Prague, January 24, 2023 – Time is the decisive factor in sepsis of the organism (blood poisoning in layman's terms). The new diagnostic device, which has been available to doctors and laboratory workers at the Institute of Medical Microbiology of the 2nd Faculty of Medicine of the UK and Motol University of Applied Sciences since January, can reduce the time it takes to detect an infection in a patient by several tens of hours (up to 2 days). The advantage is also the smaller amount of blood examined and thus the lower burden on the patient. While with the commonly used hemoculture, at least 40 ml of blood is "collected" from an adult and it takes 2 to 3 days to find out the result, with the new method only 4 ml is enough and the results for the presence of six different bacteria can be determined in about 3,5 hours. In addition, the new method is 2x to 3x more successful in detecting the infection than it was before.
Sepsis is a serious condition that develops in the body as a result of the body's inappropriate response to infection. It is usually accompanied by a number of symptoms, including fever, increased heart and breathing rates, fainting and/or impaired consciousness. If sepsis is not recognized in time and not treated appropriately, it can lead to septic shock, organ failure and subsequently death. “It is reported that every hour of delay reduces the chance of survival by 7,5%. In small children or seriously ill patients, death can occur even within a few hours," prof. MD Pavel Dřevínek, PhD., head of the Institute of Medical Microbiology.
Finding out that sepsis is going on in the body is a very complex matter. One of the diagnostic options and very useful indicators of the causative agent of sepsis is the detection of bacteria in the blood that cause it. Their detection is crucial so that the correct antibiotic treatment can be applied. "The detection of bacteria is normally done in a microbiology laboratory with the help of blood culture systems. However, they have two major disadvantages. They can detect only about 50% of all infections in the blood, and they also do not offer rapid diagnosis, which is especially important for septic conditions." explains Professor Dřevínek.
Last year, the device was tested exclusively at FN Motol, and now it is already in full operation. Its high sensitivity and short detection time will be of great importance and impact on the prognosis of patients in a severe (septic) condition, for whose survival it is crucial to detect the causative agent of the infection in time and thus start effective antibiotic treatment as soon as possible.
The University Hospital in Motol is the largest medical facility in the Czech Republic and one of the largest in Europe.
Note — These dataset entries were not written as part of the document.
section \<open>Projected online gradient descent\<close>

lemma power2_norm_diff_le:
  assumes diam: "\<forall>w\<in>\<Omega>. \<forall>w'\<in>\<Omega>. norm (w - w') \<le> D" and "y \<in> \<Omega>" "b \<in> \<Omega>" "c \<in> \<Omega>"
  shows "(norm (y - c))\<^sup>2 - (norm (y - b))\<^sup>2 \<le> 2 * D * norm (c - b)"
proof -
  have "norm (y - c) - norm (y - b) \<le> norm (c - b)"
    using norm_triangle_ineq3[of "y - c" "y - b"] by (simp add: norm_minus_commute)
  then have "(norm (y - c) - norm (y - b)) * (norm (y - c) + norm (y - b))
      \<le> norm (c - b) * (norm (y - c) + norm (y - b))"
    by (intro mult_right_mono) auto
  also have "\<dots> \<le> norm (c - b) * (2 * D)"
  proof -
    have "norm (y - c) \<le> D" "norm (y - b) \<le> D"
      using diam assms by auto
    then show ?thesis
      by (intro mult_left_mono) auto
  qed
  finally show ?thesis
    by (simp add: power2_eq_square algebra_simps)
qed

lemma projected_step_inner_le:
  fixes a v b c :: "'a::euclidean_space"
  assumes "convex \<Omega>" "closed \<Omega>" "\<eta> > 0" and diam: "\<forall>w\<in>\<Omega>. \<forall>w'\<in>\<Omega>. norm (w - w') \<le> D"
    and "b \<in> \<Omega>" "c \<in> \<Omega>"
  shows "v \<bullet> (a - b) \<le> ((norm (a - b))\<^sup>2 - (norm (closest_point \<Omega> (a - \<eta> *\<^sub>R v) - c))\<^sup>2) / (2 * \<eta>)
                        + D / \<eta> * norm (c - b) + \<eta> / 2 * (norm v)\<^sup>2"
proof -
  define y where "y = closest_point \<Omega> (a - \<eta> *\<^sub>R v)"
  have "\<Omega> \<noteq> {}"
    using \<open>b \<in> \<Omega>\<close> by auto
  then have "y \<in> \<Omega>"
    using \<open>closed \<Omega>\<close> by (simp add: y_def closest_point_in_set)
  have "norm (y - b) \<le> norm (a - \<eta> *\<^sub>R v - b)"
    using closest_point_lipschitz[OF assms(1,2) \<open>\<Omega> \<noteq> {}\<close>, of "a - \<eta> *\<^sub>R v" b]
    by (simp add: y_def closest_point_self[OF \<open>b \<in> \<Omega>\<close>] dist_norm)
  then have "(norm (y - b))\<^sup>2 \<le> (norm ((a - b) - \<eta> *\<^sub>R v))\<^sup>2"
    by (simp add: power_mono algebra_simps)
  also have "\<dots> = (norm (a - b))\<^sup>2 - 2 * \<eta> * (v \<bullet> (a - b)) + \<eta>\<^sup>2 * (norm v)\<^sup>2"
    unfolding power2_norm_eq_inner
    by (simp add: inner_diff_left inner_diff_right inner_commute algebra_simps power2_eq_square)
  finally have "v \<bullet> (a - b) * (2 * \<eta>)
      \<le> (norm (a - b))\<^sup>2 - (norm (y - c))\<^sup>2 + 2 * D * norm (c - b) + \<eta>\<^sup>2 * (norm v)\<^sup>2"
    using power2_norm_diff_le[OF diam \<open>y \<in> \<Omega>\<close> assms(5,6)] by (simp add: algebra_simps)
  then have "v \<bullet> (a - b)
      \<le> ((norm (a - b))\<^sup>2 - (norm (y - c))\<^sup>2 + 2 * D * norm (c - b) + \<eta>\<^sup>2 * (norm v)\<^sup>2) / (2 * \<eta>)"
    using \<open>\<eta> > 0\<close> by (simp add: pos_le_divide_eq)
  also have "\<dots> = ((norm (a - b))\<^sup>2 - (norm (y - c))\<^sup>2) / (2 * \<eta>) + D / \<eta> * norm (c - b) + \<eta> / 2 * (norm v)\<^sup>2"
    using \<open>\<eta> > 0\<close> by (simp add: field_simps power2_eq_square)
  finally show ?thesis
    by (simp add: y_def)
qed

lemma ogd_dynamic_regret_inner:
  fixes x u :: "nat \<Rightarrow> 'a::euclidean_space" and g :: "nat \<Rightarrow> 'a \<Rightarrow> 'a"
  assumes "convex \<Omega>" "closed \<Omega>" "\<eta> > 0" and diam: "\<forall>w\<in>\<Omega>. \<forall>w'\<in>\<Omega>. norm (w - w') \<le> D"
    and "\<And>t. t \<in> {s..<s + n} \<Longrightarrow> x (Suc t) = closest_point \<Omega> (x t - \<eta> *\<^sub>R g t (x t))"
    and "\<And>t. t \<in> {s..s + n} \<Longrightarrow> u t \<in> \<Omega>"
  shows "(\<Sum>t = s..<s + n. g t (x t) \<bullet> (x t - u t))
     \<le> ((norm (x s - u s))\<^sup>2 - (norm (x (s + n) - u (s + n)))\<^sup>2) / (2 * \<eta>)
        + D / \<eta> * (\<Sum>t = s..<s + n. norm (u (Suc t) - u t))
        + \<eta> / 2 * (\<Sum>t = s..<s + n. (norm (g t (x t)))\<^sup>2)"
  using assms(5,6)
proof (induction n)
  case 0
  then show ?case by simp
next
  case (Suc n)
  let ?t = "s + n"
  have "g ?t (x ?t) \<bullet> (x ?t - u ?t)
      \<le> ((norm (x ?t - u ?t))\<^sup>2 - (norm (x (Suc ?t) - u (Suc ?t)))\<^sup>2) / (2 * \<eta>)
         + D / \<eta> * norm (u (Suc ?t) - u ?t) + \<eta> / 2 * (norm (g ?t (x ?t)))\<^sup>2"
    using projected_step_inner_le[where a = "x (s + n)" and v = "g (s + n) (x (s + n))"
        and b = "u (s + n)" and c = "u (Suc (s + n))", OF assms(1-4)] Suc.prems
    by simp
  moreover have "(\<Sum>t = s..<s + n. g t (x t) \<bullet> (x t - u t))
     \<le> ((norm (x s - u s))\<^sup>2 - (norm (x ?t - u ?t))\<^sup>2) / (2 * \<eta>)
        + D / \<eta> * (\<Sum>t = s..<s + n. norm (u (Suc t) - u t))
        + \<eta> / 2 * (\<Sum>t = s..<s + n. (norm (g t (x t)))\<^sup>2)"
    using Suc by simp
  moreover have "(\<Sum>t = s..<s + Suc n. h t) = (\<Sum>t = s..<s + n. h t) + h (s + n)" for h :: "nat \<Rightarrow> real"
    by simp
  ultimately show ?case
    unfolding add_Suc_right by (simp only: diff_divide_distrib distrib_left; linarith)
qed

lemma ogd_dynamic_regret:
  fixes x u :: "nat \<Rightarrow> 'a::euclidean_space" and g :: "nat \<Rightarrow> 'a \<Rightarrow> 'a"
  assumes "convex \<Omega>" "closed \<Omega>" "\<eta> > 0" and diam: "\<forall>w\<in>\<Omega>. \<forall>w'\<in>\<Omega>. norm (w - w') \<le> D"
    and step: "\<And>t. t \<in> {s..<s + n} \<Longrightarrow> x (Suc t) = closest_point \<Omega> (x t - \<eta> *\<^sub>R g t (x t))"
    and u: "\<And>t. t \<in> {s..s + n} \<Longrightarrow> u t \<in> \<Omega>" and "x s \<in> \<Omega>"
    and subgrad: "\<And>t w v. t \<in> {s..<s + n} \<Longrightarrow> w \<in> \<Omega> \<Longrightarrow> v \<in> \<Omega> \<Longrightarrow> f t v \<ge> f t w + g t w \<bullet> (v - w)"
    and gbound: "\<And>t w. t \<in> {s..<s + n} \<Longrightarrow> w \<in> \<Omega> \<Longrightarrow> norm (g t w) \<le> G"
  shows "(\<Sum>t = s..<s + n. f t (x t) - f t (u t))
     \<le> D\<^sup>2 / (2 * \<eta>) + D / \<eta> * (\<Sum>t = s..<s + n. norm (u (Suc t) - u t)) + \<eta> / 2 * (n * G\<^sup>2)"
proof -
  have "\<Omega> \<noteq> {}"
    using u[of s] by auto
  have x: "x t \<in> \<Omega>" if "t \<in> {s..<s + n}" for t
  proof (cases "t = s")
    case False
    with that have "x t = closest_point \<Omega> (x (t - 1) - \<eta> *\<^sub>R g (t - 1) (x (t - 1)))"
      using step[of "t - 1"] by (cases t) auto
    then show ?thesis
      using \<open>closed \<Omega>\<close> \<open>\<Omega> \<noteq> {}\<close> by (simp add: closest_point_in_set)
  qed (use \<open>x s \<in> \<Omega>\<close> in simp)
  have "(\<Sum>t = s..<s + n. f t (x t) - f t (u t)) \<le> (\<Sum>t = s..<s + n. g t (x t) \<bullet> (x t - u t))"
  proof (rule sum_mono)
    fix t assume t: "t \<in> {s..<s + n}"
    then have "f t (u t) \<ge> f t (x t) + g t (x t) \<bullet> (u t - x t)"
      using subgrad x u by simp
    then show "f t (x t) - f t (u t) \<le> g t (x t) \<bullet> (x t - u t)"
      by (simp add: inner_diff_right)
  qed
  also have "\<dots> \<le> ((norm (x s - u s))\<^sup>2 - (norm (x (s + n) - u (s + n)))\<^sup>2) / (2 * \<eta>)
        + D / \<eta> * (\<Sum>t = s..<s + n. norm (u (Suc t) - u t))
        + \<eta> / 2 * (\<Sum>t = s..<s + n. (norm (g t (x t)))\<^sup>2)"
    using assms by (intro ogd_dynamic_regret_inner) auto
  also have "(norm (x s - u s))\<^sup>2 - (norm (x (s + n) - u (s + n)))\<^sup>2 \<le> D\<^sup>2"
  proof -
    have "(norm (x s - u s))\<^sup>2 \<le> D\<^sup>2"
      using diam u[of s] \<open>x s \<in> \<Omega>\<close> by (intro power_mono) auto
    then show ?thesis
      using zero_le_power2[of "norm (x (s + n) - u (s + n))"] by linarith
  qed
  also have "(\<Sum>t = s..<s + n. (norm (g t (x t)))\<^sup>2) \<le> (\<Sum>t = s..<s + n. G\<^sup>2)"
    using gbound x by (intro sum_mono power_mono) auto
  finally show ?thesis
    using \<open>\<eta> > 0\<close> by (simp add: divide_right_mono mult_left_mono)
qed

section \<open>The meta-algorithm\<close>

lemma cT_nonneg: "1 \<le> T \<Longrightarrow> 0 \<le> cT T"
  by (simp add: cT_def)

locale aod_setting =
  fixes \<Omega> :: "'a::euclidean_space set"
    and f :: "nat \<Rightarrow> 'a \<Rightarrow> real"
    and g :: "nat \<Rightarrow> 'a \<Rightarrow> 'a"
    and D G :: real and T :: nat
    and init :: "nat \<Rightarrow> 'a"
  assumes T: "T \<ge> 1"
    and cvx: "convex \<Omega>" and cl: "closed \<Omega>" and nonempty: "\<Omega> \<noteq> {}"
    and fconv: "\<forall>t\<in>{1..T}. convex_on \<Omega> (f t)"
    and frange: "\<forall>t\<in>{1..T}. \<forall>w\<in>\<Omega>. 0 \<le> f t w \<and> f t w \<le> 1"
    and init: "\<forall>k. init k \<in> \<Omega>"
begin

abbreviation "E \<equiv> expert \<Omega> g D G init"
abbreviation "W \<equiv> aod \<Omega> f g D G init T"

lemma expert_in: "E k i t \<in> \<Omega>"
  by (induction t arbitrary: i) (auto simp: ogd_step_def closest_point_in_set cl nonempty init)

lemma plays_eq_aod: "1 \<le> v \<Longrightarrow> v \<le> n \<Longrightarrow> plays f E T n v = W v"
  by (induction n) (auto simp: aod_def le_Suc_eq)

lemma aod_eq_meta_point: "1 \<le> t \<Longrightarrow> W t = meta_point f E T (plays f E T (t - 1)) t"
  by (cases t) (auto simp: aod_def)

text \<open>Contains every interval active in some round \<open>t \<le> T\<close>; the surplus only weakens the bound on
  the potential.\<close>
definition experts :: "(nat \<times> nat) set" where
  "experts = {k. 2 ^ k \<le> T} \<times> {1..T}"

lemma finite_experts: "finite experts"
proof -
  have "k < T" if "2 ^ k \<le> T" for k :: nat
    using that less_exp[of k] by linarith
  then have "{k. 2 ^ k \<le> T} \<subseteq> {..<T}"
    by auto
  then show ?thesis
    unfolding experts_def by (auto intro: finite_subset)
qed

lemma active_subset_experts: "t \<le> T \<Longrightarrow> active T t \<subseteq> experts"
proof
  fix I assume "t \<le> T" "I \<in> active T t"
  moreover obtain k i where I: "I = (k, i)"
    by force
  ultimately have "2 ^ k \<le> T" "1 \<le> i" "(i - 1) * 2 ^ k + 1 \<le> t"
    by (auto simp: active_def intv_def)
  moreover have "i - 1 \<le> (i - 1) * 2 ^ k"
    by simp
  ultimately have "i \<le> T"
    using \<open>t \<le> T\<close> by linarith
  then show "I \<in> experts"
    using \<open>2 ^ k \<le> T\<close> \<open>1 \<le> i\<close> by (simp add: experts_def I)
qed

text \<open>\<open>gap I t\<close> is the paper's \<open>f\<^sub>t(w\<^sub>t) - f\<^sub>t(w\<^sub>t\<^sub>,\<^sub>I)\<close> for \<open>t \<in> I\<close>, extended by \<open>0\<close>
  outside \<open>I\<close>, so that \<open>R\<^sub>t\<^sub>-\<^sub>1\<^sub>,\<^sub>I\<close> and \<open>C\<^sub>t\<^sub>-\<^sub>1\<^sub>,\<^sub>I\<close> become prefix sums over all rounds.\<close>
definition gap :: "nat \<times> nat \<Rightarrow> nat \<Rightarrow> real" where
  "gap I t = (if t \<in> intv (fst I) (snd I) then f t (W t) - f t (E (fst I) (snd I) t) else 0)"

definition Rgap :: "nat \<times> nat \<Rightarrow> nat \<Rightarrow> real" where
  "Rgap I n = (\<Sum>t = 1..n. gap I t)"

definition Cgap :: "nat \<times> nat \<Rightarrow> nat \<Rightarrow> real" where
  "Cgap I n = (\<Sum>t = 1..n. \<bar>gap I t\<bar>)"

definition weight :: "nat \<Rightarrow> nat \<times> nat \<Rightarrow> real" where
  "weight t I = wANH (Rgap I (t - 1)) (Cgap I (t - 1))"

lemma Cgap_nonneg: "0 \<le> Cgap I n"
  by (simp add: Cgap_def sum_nonneg)

lemma abs_Rgap_le_Cgap: "\<bar>Rgap I n\<bar> \<le> Cgap I n"
  unfolding Rgap_def Cgap_def by (rule sum_abs)

lemma weight_nonneg: "0 \<le> weight t I"
  by (simp add: weight_def wANH_nonneg Cgap_nonneg)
It is also the main teaching base of students of the 2nd Faculty of Medicine, Charles University, and some workplaces of the 1st Faculty of Medicine, Charles University are also located here. FN Motol provides basic, specialized and super-specialized health care and services in the medical fields in the form of outpatient and inpatient care for children, adults and seniors. In terms of construction, it consists of two interconnected monoblocks (children's and adult part) and several separate pavilions. At the Motol University Hospital, more than one million patients are treated annually at 56 clinics.